Dipartimento di Chimica G. Ciamician, Universita di Bologna, via Selmi 2, I-40126 Bologna. rinaldo.cervellati@unibo.it
Members of Polygalaceae are known to contain a variety of different polyphenolic compounds such as xanthones, flavonoids, and biphenyl derivatives. Here, we report the isolation and structural characterization of two new phenol derivatives, named alpestrin (= 3,3',5'-trimethoxy[1,1'-biphenyl]-4-ol; 10) and alpestriose A (= 6-O-benzoyl-1-O-{6-O-acetyl- 3-O-[(4-hydroxy-3,5-dimethoxyphenyl) prop-2-enoyl]-beta-D-fructofuranosyl}- alpha-D-glucopyranoside; 11), and of four known compounds (12-15) from the MeOH extract of Polygala alpestris. The relative in vitro antioxidant activities of these compounds, in comparison with other phenolic substances from Polygala vulgaris, were evaluated by means of the Briggs-Rauscher (BR) oscillating reaction, a method based on the inhibitory effects of antioxidant free-radical scavengers. The experimental antioxidant-activity values (relative to resorcinol as a standard) were compared with those calculated on the basis of the bond-dissociation enthalpies. The structure/activity relationships for the compounds examined are also discussed.

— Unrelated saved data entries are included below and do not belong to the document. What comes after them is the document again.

lemma transfer_at_inhomogeneity:
  assumes "k < N"
  shows "transfer N K \<eta> \<zeta> (\<zeta> k) ou i = \<eta> * transfer_reduced N K \<eta> \<zeta> k ou i"
proof -
  have "(\<Prod>n<N. Rel \<eta> (\<zeta> k - \<zeta> n) (b (Suc n)) (ou n) (b n) (i n))
      = \<eta> * (\<Prod>n<N. if n = k then (if b (Suc n) = i n \<and> ou n = b n then 1 else 0)
             else Rel \<eta> (\<zeta> k - \<zeta> n) (b (Suc n)) (ou n) (b n) (i n))" for b
  proof -
    have "(\<Prod>n<N. Rel \<eta> (\<zeta> k - \<zeta> n) (b (Suc n)) (ou n) (b n) (i n))
        = (\<Prod>n<N. (if n = k then \<eta> else 1) * (if n = k then (if b (Suc n) = i n \<and> ou n = b n then 1 else 0)
             else Rel \<eta> (\<zeta> k - \<zeta> n) (b (Suc n)) (ou n) (b n) (i n)))"
      by (rule prod.cong) (simp_all add: Rel_spectral_zero)
    also have "\<dots> = (\<Prod>n<N. if n = k then \<eta> else 1) * (\<Prod>n<N. if n = k then (if b (Suc n) = i n \<and> ou n = b n then 1 else 0)
             else Rel \<eta> (\<zeta> k - \<zeta> n) (b (Suc n)) (ou n) (b n) (i n))"
      by (rule prod.distrib)
    finally show ?thesis
      using assms by (simp add: prod.delta)
  qed
  then show ?thesis
    unfolding transfer_def transfer_reduced_def by (simp add: sum_distrib_left mult.left_commute)
qed

definition site_op :: "nat \<Rightarrow> complex mat \<Rightarrow> nat \<Rightarrow> (nat \<Rightarrow> nat) \<Rightarrow> (nat \<Rightarrow> nat) \<Rightarrow> complex" where
  "site_op N K k ou i = K $$ (ou k, i k) * (\<Prod>n\<in>{..<N} - {k}. if ou n = i n then 1 else 0)"

lemma idx_path_jump:
  assumes b: "b \<in> idx (Suc N)" and k: "k < N"
    and jump: "\<And>n. n < N \<Longrightarrow> n \<noteq> k \<Longrightarrow> b (Suc n) = b n"
  shows "b = (\<lambda>n. if n \<le> k then b 0 else if n \<le> N then b (Suc k) else 0)"
proof
  fix m
  have low: "m \<le> k \<Longrightarrow> b m = b 0"
    by (induction m) (use jump k in auto)
  have high: "Suc k \<le> m \<Longrightarrow> m \<le> N \<Longrightarrow> b m = b (Suc k)"
    by (induction m) (use jump in \<open>auto simp: le_Suc_eq\<close>)
  show "b m = (if m \<le> k then b 0 else if m \<le> N then b (Suc k) else 0)"
    using low high idx_eq_0[OF b, of m] by auto
qed

(* At \<eta> = 0 every R is diagonal in the auxiliary space, except P at site k, so a single
   auxiliary path contributes. *)
lemma transfer_reduced_eta_zero:
  assumes k: "k < N" and ou: "ou \<in> idx N" and i: "i \<in> idx N"
  shows "transfer_reduced N K 0 \<zeta> k ou i = (\<Prod>n\<in>{..<N} - {k}. \<zeta> k - \<zeta> n) * site_op N K k ou i"
proof -
  define G where "G b n = (if n = k then (if b (Suc n) = i n \<and> ou n = b n then 1 else 0)
             else Rel 0 (\<zeta> k - \<zeta> n) (b (Suc n)) (ou n) (b n) (i n))" for b n
  define path where "path n = (if n \<le> k then ou k else if n \<le> N then i k else 0)" for n
  have path: "path \<in> idx (Suc N)"
    using idx_less_3[OF ou k] idx_less_3[OF i k] k unfolding idx_def path_def by auto
  have off_path: "(\<Prod>n<N. G b n) = 0" if b: "b \<in> idx (Suc N)" "b \<noteq> path" for b
  proof (rule ccontr)
    assume "(\<Prod>n<N. G b n) \<noteq> 0"
    then have nonzero: "G b n \<noteq> 0" if "n < N" for n
      using that by auto
    have ends: "b (Suc k) = i k" "b k = ou k"
      using nonzero[OF k] by (auto simp: G_def split: if_splits)
    have "b (Suc n) = b n" if "n < N" "n \<noteq> k" for n
      using nonzero[OF that(1)] that(2) by (auto simp: G_def Rel_eta_zero split: if_splits)
    then have shape: "b = (\<lambda>n. if n \<le> k then b 0 else if n \<le> N then b (Suc k) else 0)"
      by (rule idx_path_jump[OF b(1) k])
    have "b n = path n" for n
      using fun_cong[OF shape, of n] fun_cong[OF shape, of k] ends by (simp add: path_def)
    with b(2) show False
      by blast
  qed
  have "transfer_reduced N K 0 \<zeta> k ou i = K $$ (path 0, path N) * (\<Prod>n<N. G path n)"
    unfolding transfer_reduced_def G_def[symmetric]
    by (subst sum.remove[OF finite_idx path]) (simp add: off_path)
  also have "(\<Prod>n<N. G path n) = G path k * (\<Prod>n\<in>{..<N} - {k}. G path n)"
    by (rule prod.remove) (use k in auto)
  also have "(\<Prod>n\<in>{..<N} - {k}. G path n) = (\<Prod>n\<in>{..<N} - {k}. (\<zeta> k - \<zeta> n) * (if ou n = i n then 1 else 0))"
    by (rule prod.cong) (auto simp: G_def path_def Rel_eta_zero)
  finally show ?thesis
    using k by (simp add: G_def path_def site_op_def prod.distrib)
qed

lemma polynomial_in_Rel:
  assumes "polynomial_in B e" "polynomial_in B m"
  shows "polynomial_in B (\<lambda>y. Rel (e y) (m y) b' ou b i)"
  unfolding Rel_def by (intro polynomial_in.add polynomial_in_if polynomial_in.const assms)

lemma polynomial_in_transfer:
  assumes "\<And>n. n < N \<Longrightarrow> polynomial_in B (\<lambda>y. \<xi> y n)" "polynomial_in B lam"
  shows "polynomial_in B (\<lambda>y. transfer N K \<eta> (\<xi> y) (lam y) ou i)"
  unfolding transfer_def
  by (intro polynomial_in_sum polynomial_in_prod polynomial_in.mult polynomial_in.const
      polynomial_in_Rel polynomial_in_diff assms finite_idx) auto

lemma polynomial_in_transfer_reduced:
  assumes "polynomial_in B e"
  shows "polynomial_in B (\<lambda>y. transfer_reduced N K (e y) \<zeta> k ou i)"
  unfolding transfer_reduced_def
  by (intro polynomial_in_sum polynomial_in_prod polynomial_in.mult polynomial_in.const polynomial_in_if
      polynomial_in_Rel assms finite_idx) auto

section \<open>Product covectors\<close>

definition product_covec :: "nat \<Rightarrow> (nat \<Rightarrow> nat \<Rightarrow> complex) \<Rightarrow> (nat \<Rightarrow> nat) \<Rightarrow> complex" where
  "product_covec N g j = (\<Prod>a<N. g a (j a))"

definition row_mult :: "complex mat \<Rightarrow> (nat \<Rightarrow> complex) \<Rightarrow> nat \<Rightarrow> complex" where
  "row_mult K s \<beta> = (\<Sum>\<alpha><3. s \<alpha> * K $$ (\<alpha>, \<beta>))"

lemma tensor_state_eq_product_covec:
  "tensor_state N Wi x y z
     = product_covec N (\<lambda>_. row_mult Wi (\<lambda>\<alpha>. if \<alpha> = 0 then x else if \<alpha> = 1 then y else z))"
  unfolding tensor_state_def product_covec_def row_mult_def by simp

lemma prod_sum_eq_sum_idx:
  "(\<Prod>a<N. \<Sum>\<alpha><3. f a \<alpha>) = (\<Sum>h\<in>idx N. \<Prod>a<N. f a (h a) :: complex)"
proof -
  have "(\<Prod>a<N. \<Sum>\<alpha><3. f a \<alpha>) = (\<Sum>g\<in>PiE {..<N} (\<lambda>_. {..<3}). \<Prod>a<N. f a (g a))"
    by (rule prod_sum_PiE) auto
  also have "\<dots> = (\<Sum>h\<in>idx N. \<Prod>a<N. f a (h a))"
    by (rule sum.reindex_bij_witness[where i="\<lambda>h. restrict h {..<N}" and j="\<lambda>g a. if a < N then g a else 0"])
      (auto simp: idx_def PiE_def extensional_def)
  finally show ?thesis .
qed

lemma covec_act_site_op:
  assumes k: "k < N" and j: "j \<in> idx N"
  shows "covec_act N (site_op N K k) (product_covec N g) j = product_covec N (g(k := row_mult K (g k))) j"
proof -
  define H where "H a \<alpha> = (if a = k then K $$ (\<alpha>, j k) else if \<alpha> = j a then 1 else 0)" for a \<alpha>
  define F where "F a \<alpha> = g a \<alpha> * H a \<alpha>" for a \<alpha>
  have "product_covec N g i * site_op N K k i j = (\<Prod>a<N. F a (i a))" for i
  proof -
    have "(\<Prod>a<N. H a (i a)) = H k (i k) * (\<Prod>a\<in>{..<N} - {k}. H a (i a))"
      by (rule prod.remove) (use k in auto)
    also have "(\<Prod>a\<in>{..<N} - {k}. H a (i a)) = (\<Prod>a\<in>{..<N} - {k}. if i a = j a then 1 else 0)"
      by (rule prod.cong) (auto simp: H_def)
    finally have "(\<Prod>a<N. H a (i a)) = site_op N K k i j"
      by (simp add: site_op_def H_def)
    then show ?thesis
      by (simp add: product_covec_def F_def prod.distrib)
  qed
  then have "covec_act N (site_op N K k) (product_covec N g) j = (\<Prod>a<N. \<Sum>\<alpha><3. F a \<alpha>)"
    by (simp add: covec_act_def prod_sum_eq_sum_idx)
  also have "\<dots> = product_covec N (g(k := row_mult K (g k))) j"
    unfolding product_covec_def
  proof (rule prod.cong)
    fix a assume "a \<in> {..<N}"
    then have "j a < 3"
      using idx_less_3[OF j] by simp
    moreover have "F a \<alpha> = (if \<alpha> = j a then g a \<alpha> else 0)" if "a \<noteq> k" for \<alpha>
      using that by (simp add: F_def H_def)
    ultimately show "(\<Sum>\<alpha><3. F a \<alpha>) = (g(k := row_mult K (g k))) a (j a)"
      by (cases "a = k") (simp_all add: F_def H_def row_mult_def sum.delta')
  qed simp
  finally show ?thesis .
qed

lemma covec_act_site_op_funpow:
  assumes k: "k < N" and "j \<in> idx N"
  shows "(covec_act N (site_op N K k) ^^ m) (product_covec N g) j
       = product_covec N (g(k := (row_mult K ^^ m) (g k))) j"
  using assms(2)
proof (induction m arbitrary: j)
  case (Suc m)
  have "(covec_act N (site_op N K k) ^^ Suc m) (product_covec N g) j
      = covec_act N (site_op N K k) (product_covec N (g(k := (row_mult K ^^ m) (g k)))) j"
    by simp (rule covec_act_cong, simp add: Suc.IH fun_upd_def)
  also have "\<dots> = product_covec N (g(k := (row_mult K ^^ Suc m) (g k))) j"
    using covec_act_site_op[OF k Suc.prems] by simp
  finally show ?case .
qed simp

lemma covec_act_powers_site_op:
  assumes "M \<le> N" and "j \<in> idx N"
  shows "covec_act_powers N (site_op N K) (product_covec N g) h M j
       = product_covec N (\<lambda>a. if a < M then (row_mult K ^^ h a) (g a) else g a) j"
  using assms
proof (induction M arbitrary: j)
  case (Suc M)
  define g' where "g' = (\<lambda>a. if a < M then (row_mult K ^^ h a) (g a) else g a)"
  have "covec_act_powers N (site_op N K) (product_covec N g) h (Suc M) j
      = (covec_act N (site_op N K M) ^^ h M) (product_covec N g') j"
    by simp (rule covec_act_funpow_cong, use Suc in \<open>simp_all add: g'_def\<close>)
  also have "\<dots> = product_covec N (g'(M := (row_mult K ^^ h M) (g' M))) j"
    using Suc.prems by (intro covec_act_site_op_funpow) auto
  also have "g'(M := (row_mult K ^^ h M) (g' M)) = (\<lambda>a. if a < Suc M then (row_mult K ^^ h a) (g a) else g a)"
    by (auto simp: g'_def)
  finally show ?case .
qed simp

definition cyclic_covec :: "complex mat \<Rightarrow> (nat \<Rightarrow> complex) \<Rightarrow> bool" where
  "cyclic_covec K s \<longleftrightarrow> (\<forall>w. \<exists>c. \<forall>\<gamma><3. w \<gamma> = (\<Sum>l<3. c l * (row_mult K ^^ l) s \<gamma>))"
text \<open>Summing over n: after translating by 4^k each bump contributes 2^-k times the
  finite sum over the integers of 8/(m^2+1).\<close>
lemma lac_spectrum_local_sup_summable:
  "(\<integral>\<^sup>+n. Linf_norm_on lac_spectrum (real_of_int n) (real_of_int n + 1) \<partial>count_space (UNIV :: int set)) < \<infinity>"
proof -
  define Q where "Q = (\<integral>\<^sup>+m. ennreal (1 / ((real_of_int m)^2 + 1)) \<partial>count_space (UNIV :: int set))"
  have bump: "(\<integral>\<^sup>+n. ennreal (lac_amp k * (8 / ((real_of_int (n - 4^k))^2 + 1))) \<partial>count_space UNIV)
      = ennreal (8 * lac_amp k) * Q" for k
  proof -
    have "(\<integral>\<^sup>+n. ennreal (lac_amp k * (8 / ((real_of_int (n - 4^k))^2 + 1))) \<partial>count_space UNIV)
        = (\<integral>\<^sup>+m. ennreal (lac_amp k * (8 / ((real_of_int m)^2 + 1))) \<partial>count_space UNIV)"
      by (rule nn_integral_bij_count_space, rule bij_betwI[of _ _ _ "\<lambda>m. m + 4^k"]) auto
    also have "\<dots> = (\<integral>\<^sup>+m. ennreal (8 * lac_amp k) * ennreal (1 / ((real_of_int m)^2 + 1)) \<partial>count_space UNIV)"
      by (intro nn_integral_cong, subst ennreal_mult[symmetric])
         (auto simp: less_imp_le[OF lac_amp_pos] add_pos_nonneg)
    finally show ?thesis unfolding Q_def by (simp add: nn_integral_cmult)
  qed
  have "(\<integral>\<^sup>+n. Linf_norm_on lac_spectrum (real_of_int n) (real_of_int n + 1) \<partial>count_space UNIV)
      \<le> (\<integral>\<^sup>+n. (\<Sum>k. ennreal (lac_amp k * (8 / ((real_of_int (n - 4^k))^2 + 1)))) \<partial>count_space UNIV)"
    by (intro nn_integral_mono lac_spectrum_local_sup)
  also have "\<dots> = (\<Sum>k. \<integral>\<^sup>+n. ennreal (lac_amp k * (8 / ((real_of_int (n - 4^k))^2 + 1))) \<partial>count_space UNIV)"
    by (rule nn_integral_suminf) simp
  also have "\<dots> = (\<Sum>k. ennreal (8 * lac_amp k) * Q)"
    by (simp only: bump)
  also have "\<dots> = ennreal (\<Sum>k. 8 * lac_amp k) * Q"
    by (subst suminf_ennreal2[symmetric])
       (auto simp: less_imp_le[OF lac_amp_pos] summable_lac_amp)
  also have "\<dots> < \<infinity>"
    using inverse_square_sum_over_int by (simp add: Q_def ennreal_mult_less_top)
  finally show ?thesis .
qed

Immunopharmacol Immunotoxicol 2000 Aug;22(3):531-44
Inhibitory effect of interleukin-1alpha-induced apoptosis by Polygala tenuifolia in Hep G2 cells.
Koo HN, Jeong HJ, Kim KR, Kim JC, Kim KS, Kang BK, Kim HM, Kim JJ.
Department of Oriental Pharmacy, College of Pharmacy, Wonkwang University, Chonbuk, South Korea.
In this study, we investigated the effect of an aqueous extract of Polygala tenuifolia WILLDENOW (Polygalaceae) roots (PTAE) on ethanol (EtOH)-induced cytotoxicity in Hep G2 cells. PTAE (0.01-1 microg/ml) dose-dependently inhibited the EtOH-induced interleukin-1alpha (IL-1alpha) secretion. PTAE (0.01-1 microg/ml) also inhibited the EtOH- and IL-1alpha-induced cytotoxicity. Furthermore, we found that PTAE inhibited the IL-1alpha-induced apoptosis of Hep G2 cells. These results suggest that PTAE may prevent the EtOH-induced cytotoxicity through inhibition of the apoptosis of Hep G2 cells.